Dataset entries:
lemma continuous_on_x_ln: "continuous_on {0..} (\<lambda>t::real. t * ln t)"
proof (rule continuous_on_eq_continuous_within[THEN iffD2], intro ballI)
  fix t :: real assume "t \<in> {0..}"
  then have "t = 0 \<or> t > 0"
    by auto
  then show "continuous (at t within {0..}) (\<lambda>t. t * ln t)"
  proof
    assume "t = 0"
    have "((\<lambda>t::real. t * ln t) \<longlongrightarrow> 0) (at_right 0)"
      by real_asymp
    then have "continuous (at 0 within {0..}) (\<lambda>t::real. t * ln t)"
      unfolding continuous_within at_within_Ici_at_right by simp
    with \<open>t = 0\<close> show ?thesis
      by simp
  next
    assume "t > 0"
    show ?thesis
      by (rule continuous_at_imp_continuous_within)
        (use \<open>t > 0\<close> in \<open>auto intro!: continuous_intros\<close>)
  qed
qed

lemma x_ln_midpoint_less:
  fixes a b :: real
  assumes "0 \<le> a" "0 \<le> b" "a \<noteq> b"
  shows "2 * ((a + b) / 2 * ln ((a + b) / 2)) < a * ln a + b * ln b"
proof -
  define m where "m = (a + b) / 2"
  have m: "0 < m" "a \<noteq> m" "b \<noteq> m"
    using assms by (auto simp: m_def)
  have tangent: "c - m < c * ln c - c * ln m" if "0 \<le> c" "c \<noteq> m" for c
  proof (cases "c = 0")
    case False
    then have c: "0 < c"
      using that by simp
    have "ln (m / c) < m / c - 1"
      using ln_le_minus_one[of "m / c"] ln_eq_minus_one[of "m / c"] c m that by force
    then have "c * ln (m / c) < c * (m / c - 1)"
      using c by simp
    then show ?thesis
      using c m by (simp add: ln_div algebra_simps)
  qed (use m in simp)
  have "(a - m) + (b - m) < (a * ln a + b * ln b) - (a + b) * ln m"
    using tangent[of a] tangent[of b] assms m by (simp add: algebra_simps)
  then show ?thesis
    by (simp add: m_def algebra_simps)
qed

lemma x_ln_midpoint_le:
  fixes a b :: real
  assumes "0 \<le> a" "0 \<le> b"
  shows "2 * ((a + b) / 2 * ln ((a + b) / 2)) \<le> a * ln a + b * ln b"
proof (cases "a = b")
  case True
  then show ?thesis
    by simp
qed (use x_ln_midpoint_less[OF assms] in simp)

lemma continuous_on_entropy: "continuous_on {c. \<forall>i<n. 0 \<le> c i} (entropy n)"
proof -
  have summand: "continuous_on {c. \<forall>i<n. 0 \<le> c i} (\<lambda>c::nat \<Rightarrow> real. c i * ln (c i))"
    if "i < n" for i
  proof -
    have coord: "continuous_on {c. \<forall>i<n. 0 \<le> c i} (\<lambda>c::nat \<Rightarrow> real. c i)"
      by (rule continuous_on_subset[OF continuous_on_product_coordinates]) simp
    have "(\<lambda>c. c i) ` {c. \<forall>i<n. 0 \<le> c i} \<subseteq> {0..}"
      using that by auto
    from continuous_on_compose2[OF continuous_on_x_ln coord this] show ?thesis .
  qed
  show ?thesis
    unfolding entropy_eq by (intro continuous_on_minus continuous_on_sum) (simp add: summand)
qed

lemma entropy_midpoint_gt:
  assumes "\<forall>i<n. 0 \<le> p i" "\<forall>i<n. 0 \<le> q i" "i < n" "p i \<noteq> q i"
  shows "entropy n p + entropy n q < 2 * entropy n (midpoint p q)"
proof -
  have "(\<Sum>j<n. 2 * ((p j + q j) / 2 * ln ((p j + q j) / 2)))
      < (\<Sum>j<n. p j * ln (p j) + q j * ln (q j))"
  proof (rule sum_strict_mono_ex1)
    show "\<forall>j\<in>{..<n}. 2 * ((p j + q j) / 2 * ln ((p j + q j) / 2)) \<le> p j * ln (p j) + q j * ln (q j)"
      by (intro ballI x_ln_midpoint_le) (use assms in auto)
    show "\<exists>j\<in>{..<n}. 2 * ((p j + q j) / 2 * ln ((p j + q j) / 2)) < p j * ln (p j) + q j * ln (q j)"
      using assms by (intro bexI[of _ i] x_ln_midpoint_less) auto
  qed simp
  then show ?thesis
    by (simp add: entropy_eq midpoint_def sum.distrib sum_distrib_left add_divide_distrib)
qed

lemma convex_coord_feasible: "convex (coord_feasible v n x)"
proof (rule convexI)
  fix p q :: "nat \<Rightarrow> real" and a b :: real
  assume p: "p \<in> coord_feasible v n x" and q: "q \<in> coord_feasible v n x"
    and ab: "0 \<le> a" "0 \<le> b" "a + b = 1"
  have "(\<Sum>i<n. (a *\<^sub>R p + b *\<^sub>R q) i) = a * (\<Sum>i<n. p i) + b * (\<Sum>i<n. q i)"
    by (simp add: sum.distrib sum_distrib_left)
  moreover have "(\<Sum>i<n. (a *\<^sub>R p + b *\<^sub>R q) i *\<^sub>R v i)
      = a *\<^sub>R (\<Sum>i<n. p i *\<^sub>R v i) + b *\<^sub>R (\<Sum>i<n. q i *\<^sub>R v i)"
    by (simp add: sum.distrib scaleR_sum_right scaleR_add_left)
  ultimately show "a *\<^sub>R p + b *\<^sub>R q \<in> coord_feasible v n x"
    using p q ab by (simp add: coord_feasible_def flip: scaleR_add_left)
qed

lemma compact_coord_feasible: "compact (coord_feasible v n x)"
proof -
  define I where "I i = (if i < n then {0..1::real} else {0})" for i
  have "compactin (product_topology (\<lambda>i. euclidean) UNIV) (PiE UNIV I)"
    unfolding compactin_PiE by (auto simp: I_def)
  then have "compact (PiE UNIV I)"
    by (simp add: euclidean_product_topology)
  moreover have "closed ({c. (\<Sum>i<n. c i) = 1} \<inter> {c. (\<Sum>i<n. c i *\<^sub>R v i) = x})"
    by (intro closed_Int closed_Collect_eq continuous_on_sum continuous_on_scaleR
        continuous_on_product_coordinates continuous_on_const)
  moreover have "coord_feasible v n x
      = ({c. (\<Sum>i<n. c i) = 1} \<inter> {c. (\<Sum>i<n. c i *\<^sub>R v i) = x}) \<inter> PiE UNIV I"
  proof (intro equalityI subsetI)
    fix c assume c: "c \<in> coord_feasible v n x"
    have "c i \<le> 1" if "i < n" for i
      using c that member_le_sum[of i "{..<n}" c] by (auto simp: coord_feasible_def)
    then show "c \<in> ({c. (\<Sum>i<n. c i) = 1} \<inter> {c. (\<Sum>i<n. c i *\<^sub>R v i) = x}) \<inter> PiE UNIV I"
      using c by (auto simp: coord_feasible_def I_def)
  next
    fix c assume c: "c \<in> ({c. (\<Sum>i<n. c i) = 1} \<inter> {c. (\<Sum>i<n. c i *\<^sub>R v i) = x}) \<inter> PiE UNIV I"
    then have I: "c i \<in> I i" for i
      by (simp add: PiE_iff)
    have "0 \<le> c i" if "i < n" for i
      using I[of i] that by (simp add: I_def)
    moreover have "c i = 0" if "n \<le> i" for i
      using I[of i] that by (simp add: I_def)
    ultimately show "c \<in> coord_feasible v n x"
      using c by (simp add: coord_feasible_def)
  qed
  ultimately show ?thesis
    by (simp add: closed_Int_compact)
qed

...

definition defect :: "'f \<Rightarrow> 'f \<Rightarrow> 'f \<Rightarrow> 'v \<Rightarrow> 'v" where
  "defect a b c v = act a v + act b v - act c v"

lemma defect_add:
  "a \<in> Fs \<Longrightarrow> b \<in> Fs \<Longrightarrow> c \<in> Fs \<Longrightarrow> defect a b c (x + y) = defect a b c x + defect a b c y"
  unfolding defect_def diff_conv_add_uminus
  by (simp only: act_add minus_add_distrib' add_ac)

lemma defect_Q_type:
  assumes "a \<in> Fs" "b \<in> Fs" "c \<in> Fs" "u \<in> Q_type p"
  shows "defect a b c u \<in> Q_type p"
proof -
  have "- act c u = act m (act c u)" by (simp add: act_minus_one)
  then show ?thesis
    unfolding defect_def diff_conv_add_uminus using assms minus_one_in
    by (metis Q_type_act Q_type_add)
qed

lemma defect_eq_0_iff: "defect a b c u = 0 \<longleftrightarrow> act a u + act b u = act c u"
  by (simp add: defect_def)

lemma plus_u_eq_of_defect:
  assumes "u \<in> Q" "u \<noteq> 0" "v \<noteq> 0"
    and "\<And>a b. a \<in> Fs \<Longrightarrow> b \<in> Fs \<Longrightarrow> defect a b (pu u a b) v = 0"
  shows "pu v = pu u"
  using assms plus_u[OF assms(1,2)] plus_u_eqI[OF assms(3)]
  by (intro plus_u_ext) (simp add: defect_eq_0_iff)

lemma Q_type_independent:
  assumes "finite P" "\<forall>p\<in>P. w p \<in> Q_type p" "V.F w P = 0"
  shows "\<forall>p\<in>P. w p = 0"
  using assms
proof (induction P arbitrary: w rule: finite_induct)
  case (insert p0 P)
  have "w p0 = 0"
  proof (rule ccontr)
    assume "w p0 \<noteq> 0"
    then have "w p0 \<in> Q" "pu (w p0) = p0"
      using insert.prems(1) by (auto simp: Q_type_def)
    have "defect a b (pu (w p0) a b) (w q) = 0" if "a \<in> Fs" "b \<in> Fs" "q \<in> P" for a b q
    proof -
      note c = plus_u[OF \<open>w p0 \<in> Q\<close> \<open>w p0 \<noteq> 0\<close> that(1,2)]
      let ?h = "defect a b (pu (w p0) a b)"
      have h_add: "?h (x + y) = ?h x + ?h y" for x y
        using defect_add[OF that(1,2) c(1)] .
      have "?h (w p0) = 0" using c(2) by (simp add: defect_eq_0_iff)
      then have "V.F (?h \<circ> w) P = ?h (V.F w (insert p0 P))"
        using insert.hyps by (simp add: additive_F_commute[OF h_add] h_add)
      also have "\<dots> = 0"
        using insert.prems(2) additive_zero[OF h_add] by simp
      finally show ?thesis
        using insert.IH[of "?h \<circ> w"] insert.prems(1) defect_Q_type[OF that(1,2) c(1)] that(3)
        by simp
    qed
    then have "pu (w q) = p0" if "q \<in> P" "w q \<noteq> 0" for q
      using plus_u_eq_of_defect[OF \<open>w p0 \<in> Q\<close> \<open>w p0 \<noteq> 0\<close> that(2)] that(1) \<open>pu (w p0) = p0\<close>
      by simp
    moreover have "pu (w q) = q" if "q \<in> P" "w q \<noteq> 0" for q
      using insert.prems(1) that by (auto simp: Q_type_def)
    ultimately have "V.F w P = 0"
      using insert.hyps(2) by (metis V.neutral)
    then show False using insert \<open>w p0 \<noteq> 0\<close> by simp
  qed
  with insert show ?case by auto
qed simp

* * *

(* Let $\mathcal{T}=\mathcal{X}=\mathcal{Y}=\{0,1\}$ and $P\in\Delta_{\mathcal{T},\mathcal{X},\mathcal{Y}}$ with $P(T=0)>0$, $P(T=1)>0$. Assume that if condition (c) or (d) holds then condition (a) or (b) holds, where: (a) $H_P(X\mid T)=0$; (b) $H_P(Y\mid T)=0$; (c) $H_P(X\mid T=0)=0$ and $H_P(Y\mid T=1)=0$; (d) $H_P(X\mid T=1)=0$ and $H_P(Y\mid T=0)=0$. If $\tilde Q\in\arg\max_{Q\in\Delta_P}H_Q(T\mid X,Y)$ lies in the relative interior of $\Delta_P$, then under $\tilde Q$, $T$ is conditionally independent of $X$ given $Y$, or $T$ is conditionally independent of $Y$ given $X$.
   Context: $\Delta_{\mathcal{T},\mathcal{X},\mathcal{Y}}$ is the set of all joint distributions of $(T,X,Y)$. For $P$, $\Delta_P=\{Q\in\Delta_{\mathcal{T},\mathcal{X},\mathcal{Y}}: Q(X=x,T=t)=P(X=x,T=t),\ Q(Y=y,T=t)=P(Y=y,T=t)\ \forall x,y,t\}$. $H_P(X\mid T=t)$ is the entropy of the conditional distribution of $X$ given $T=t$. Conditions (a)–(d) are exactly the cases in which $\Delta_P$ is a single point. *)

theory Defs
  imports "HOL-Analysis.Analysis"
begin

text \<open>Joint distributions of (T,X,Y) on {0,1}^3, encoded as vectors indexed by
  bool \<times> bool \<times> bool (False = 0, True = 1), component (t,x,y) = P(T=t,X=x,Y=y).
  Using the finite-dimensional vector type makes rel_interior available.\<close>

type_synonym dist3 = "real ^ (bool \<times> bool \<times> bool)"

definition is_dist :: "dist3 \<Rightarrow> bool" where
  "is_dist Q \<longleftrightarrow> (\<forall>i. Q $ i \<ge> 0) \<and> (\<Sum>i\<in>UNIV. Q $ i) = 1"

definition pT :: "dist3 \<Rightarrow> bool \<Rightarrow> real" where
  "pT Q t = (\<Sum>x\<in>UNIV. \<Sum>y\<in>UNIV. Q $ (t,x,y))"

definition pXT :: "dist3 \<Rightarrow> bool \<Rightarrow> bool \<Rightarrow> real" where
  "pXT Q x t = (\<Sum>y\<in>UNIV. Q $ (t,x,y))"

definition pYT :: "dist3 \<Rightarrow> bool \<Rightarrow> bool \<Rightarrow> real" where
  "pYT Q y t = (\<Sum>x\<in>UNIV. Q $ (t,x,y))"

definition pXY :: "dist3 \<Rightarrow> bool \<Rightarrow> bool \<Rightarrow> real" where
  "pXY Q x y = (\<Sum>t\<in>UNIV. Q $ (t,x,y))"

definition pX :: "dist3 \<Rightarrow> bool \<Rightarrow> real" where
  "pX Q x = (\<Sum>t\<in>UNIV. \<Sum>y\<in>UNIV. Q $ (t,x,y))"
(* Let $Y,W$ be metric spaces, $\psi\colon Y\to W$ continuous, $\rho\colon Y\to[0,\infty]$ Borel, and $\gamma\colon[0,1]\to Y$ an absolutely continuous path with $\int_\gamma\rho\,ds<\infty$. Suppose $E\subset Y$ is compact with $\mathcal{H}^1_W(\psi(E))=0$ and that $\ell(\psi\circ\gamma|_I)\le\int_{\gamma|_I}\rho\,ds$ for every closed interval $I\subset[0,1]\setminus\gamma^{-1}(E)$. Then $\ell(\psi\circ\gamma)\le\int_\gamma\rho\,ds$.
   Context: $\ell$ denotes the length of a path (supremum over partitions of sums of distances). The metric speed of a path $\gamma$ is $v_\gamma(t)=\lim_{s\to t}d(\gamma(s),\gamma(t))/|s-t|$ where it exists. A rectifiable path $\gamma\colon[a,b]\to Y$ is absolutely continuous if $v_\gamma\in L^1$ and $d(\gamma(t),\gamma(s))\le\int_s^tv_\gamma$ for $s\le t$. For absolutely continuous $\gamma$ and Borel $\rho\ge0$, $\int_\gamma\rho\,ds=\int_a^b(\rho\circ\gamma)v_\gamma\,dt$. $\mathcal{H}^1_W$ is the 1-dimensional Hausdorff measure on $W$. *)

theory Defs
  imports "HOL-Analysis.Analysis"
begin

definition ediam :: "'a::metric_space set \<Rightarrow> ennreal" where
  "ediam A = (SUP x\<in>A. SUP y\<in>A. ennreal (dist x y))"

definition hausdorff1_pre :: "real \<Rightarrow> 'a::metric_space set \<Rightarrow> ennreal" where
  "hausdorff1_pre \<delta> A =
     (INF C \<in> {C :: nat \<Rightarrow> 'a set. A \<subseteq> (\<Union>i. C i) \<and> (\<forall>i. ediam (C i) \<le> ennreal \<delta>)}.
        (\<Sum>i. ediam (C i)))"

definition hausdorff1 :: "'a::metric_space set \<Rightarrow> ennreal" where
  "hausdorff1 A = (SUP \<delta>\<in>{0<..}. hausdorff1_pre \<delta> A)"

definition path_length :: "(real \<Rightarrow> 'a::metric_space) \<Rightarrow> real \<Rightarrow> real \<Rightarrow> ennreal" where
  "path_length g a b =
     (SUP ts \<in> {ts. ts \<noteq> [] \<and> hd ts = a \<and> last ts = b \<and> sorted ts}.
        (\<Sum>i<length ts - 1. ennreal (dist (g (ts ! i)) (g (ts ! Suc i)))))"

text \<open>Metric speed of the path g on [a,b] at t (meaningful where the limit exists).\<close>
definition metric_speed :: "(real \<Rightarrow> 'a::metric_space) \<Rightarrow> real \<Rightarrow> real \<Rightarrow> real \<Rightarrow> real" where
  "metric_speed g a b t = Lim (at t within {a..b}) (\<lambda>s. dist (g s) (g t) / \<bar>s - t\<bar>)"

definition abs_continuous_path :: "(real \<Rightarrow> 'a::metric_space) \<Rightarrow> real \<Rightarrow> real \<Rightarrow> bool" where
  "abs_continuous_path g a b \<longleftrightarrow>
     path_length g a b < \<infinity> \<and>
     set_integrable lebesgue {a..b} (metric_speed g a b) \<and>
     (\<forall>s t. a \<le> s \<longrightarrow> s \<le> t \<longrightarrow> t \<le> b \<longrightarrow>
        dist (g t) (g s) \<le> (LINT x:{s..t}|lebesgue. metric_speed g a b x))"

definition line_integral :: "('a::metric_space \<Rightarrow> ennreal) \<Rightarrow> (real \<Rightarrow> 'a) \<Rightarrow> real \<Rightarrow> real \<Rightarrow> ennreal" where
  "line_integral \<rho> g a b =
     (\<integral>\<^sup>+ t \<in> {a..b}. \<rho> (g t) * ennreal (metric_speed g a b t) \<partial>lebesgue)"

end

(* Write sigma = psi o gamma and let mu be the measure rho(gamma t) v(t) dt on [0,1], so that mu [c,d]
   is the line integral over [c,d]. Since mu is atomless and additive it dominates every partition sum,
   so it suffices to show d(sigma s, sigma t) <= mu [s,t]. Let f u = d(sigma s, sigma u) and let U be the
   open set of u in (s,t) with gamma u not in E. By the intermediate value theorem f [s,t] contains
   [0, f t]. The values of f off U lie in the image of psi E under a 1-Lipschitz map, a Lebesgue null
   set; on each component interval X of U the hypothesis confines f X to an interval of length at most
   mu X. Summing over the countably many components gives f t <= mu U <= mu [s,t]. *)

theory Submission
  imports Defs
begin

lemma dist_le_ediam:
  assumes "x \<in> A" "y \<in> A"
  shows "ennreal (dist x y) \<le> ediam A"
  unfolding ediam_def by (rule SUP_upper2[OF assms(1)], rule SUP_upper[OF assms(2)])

* BRIEF *
Read through the records above and copy the lines that contain "longleftrightarrow".

* RESPONSE TO THIS TASK *
lemma defect_eq_0_iff: "defect a b c u = 0 \<longleftrightarrow> act a u + act b u = act c u"
  "is_dist Q \<longleftrightarrow> (\<forall>i. Q $ i \<ge> 0) \<and> (\<Sum>i\<in>UNIV. Q $ i) = 1"
  "abs_continuous_path g a b \<longleftrightarrow>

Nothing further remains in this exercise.